How to remove the empty documents from the Document Term Matrix in R


I have got empty documents in my document term matrix. I need to remove them. This is code that I used to build the DocumentTermMatrix:

 tweets_dtm_tfidf <- DocumentTermMatrix(tweet_corpus, control = list(weighting = weightTfIdf))

And this the warning Message that I am getting:

Warning message:
In weighting(x) :
  empty document(s): 823 3795 4265 7252 7295 7425 8240 8433 9303 12160 12278 14465 15166 15485 15933 20775 21666 21807 26131 27039 34035 34050 34101

I tried removing these empty documents using this code:

rowTotals <- apply(tweets_dtm_tfidf , 1, sum)
dtm_tfidf   <- tweets_dtm_tfidf[rowTotals> 0, ]

Here is the error that I am getting trying to remove them:

> rowTotals <- apply(tweets_dtm_tfidf , 1, sum)

Error: cannot allocate vector of size 6.8 Gb

Any idea on how to go about this? Thanks for any suggestions in advance.


Solution

  • The sum in apply transforms your sparse matrix into a dense matrix and this eats up a lot of memory if it is a big sparse matrix.

    And the apply function is not needed. There are functions for sparse matrices. Since the dtm is a simple_triplet_matrix you can use the row_sums from slam.

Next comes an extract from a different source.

(* Assume the seeds are i.i.d. uniform on $[n]$. Fix $m\in\mathbb N$. Let $\mathcal E^*(m)$ be the set of maximizers of $\eta\mapsto p(\infty,m,\eta)$ over $[0,\tfrac12]$, and assume $\mathcal E^*(m)\subset(0,\tfrac12)$. For each even $n\ge6$ let $l_{opt}(n,m)\in\operatorname{arg\,max}_{l\in\{2,\dots,n/2-1\}}p_1(n,m,l)$. Then $$\lim_{n\to\infty}\ \inf_{\eta^*\in\mathcal E^*(m)}\Bigl|\frac{l_{opt}(n,m)}{n}-\eta^*\Bigr|=0.$$ If moreover $\mathcal E^*(m)=\{\eta_{opt}(m)\}$ is a singleton, then $\lim_{n\to\infty}l_{opt}(n,m)/n=\eta_{opt}(m)$.
   Context: Discrete model: candidates $[n]$, $m$ voters; voter $j$ has the clockwise oriented preference list $(s_j,s_j+1,\dots,n,1,\dots,s_j-1)$ with seed $s_j$; seeds independent uniform on $[n]$. In an election among a non-empty $S\subseteq[n]$ each voter votes for the first candidate of $S$ in its list; $\Xi_S(i)$ is the number of votes for $i$. Two-round election with partition $(A,B)$: the winner of $A$ is the $a\in A$ with $\Xi_A(a)>\Xi_A(a')$ for all other $a'\in A$ (if none, nobody wins); likewise for $B$; between first-round winners $a,b$, $a$ wins iff $\Xi_{\{a,b\}}(a)>\Xi_{\{a,b\}}(b)$ (ties: nobody wins). $A^{(1,n,l)}=\{1,\dots,l\}\cup\{l+2i:1\le i\le(n-2l)/2\}$, $B^{(1,n,l)}=[n]\setminus A^{(1,n,l)}$, and $p_1(n,m,l)$ is the probability that candidate 1 wins with partition $(A^{(1,n,l)},B^{(1,n,l)})$. Continuous model: $U_1,\dots,U_m$ i.i.d. uniform on $[0,1)$, $N_{(a,b)}$ the number of $U_j$ in the arc $(a,b)$ mod 1; $p(\infty,m,\eta)=\mathsf P(N_{(1-\eta,1)}\ge2,\ N_{(0,\eta)}\ge2,\ N_{(0,\eta)}<m/2)$, equivalently the polynomial $\sum_{s=2}^{\lfloor (m-1)/2\rfloor}\sum_{t=2}^{m-s}\frac{m!}{s!\,t!\,(m-s-t)!}\eta^{s+t}(1-2\eta)^{m-s-t}$, considered for $\eta\in[0,\tfrac12]$. *)

theory Defs
  imports "HOL-Analysis.Analysis" "HOL-Library.FuncSet"
begin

    The following should work.

    rowTotals <- slam::row_sums(tweets_dtm_tfidf)
    dtm_tfidf <- dtm_tfidf[rowTotals > 0, ]
    

    But remember anything you do to get your data out of sparse matrix might result in big memory hog object if you have a lot of words. You might want to use removeSparseTerms before moving on.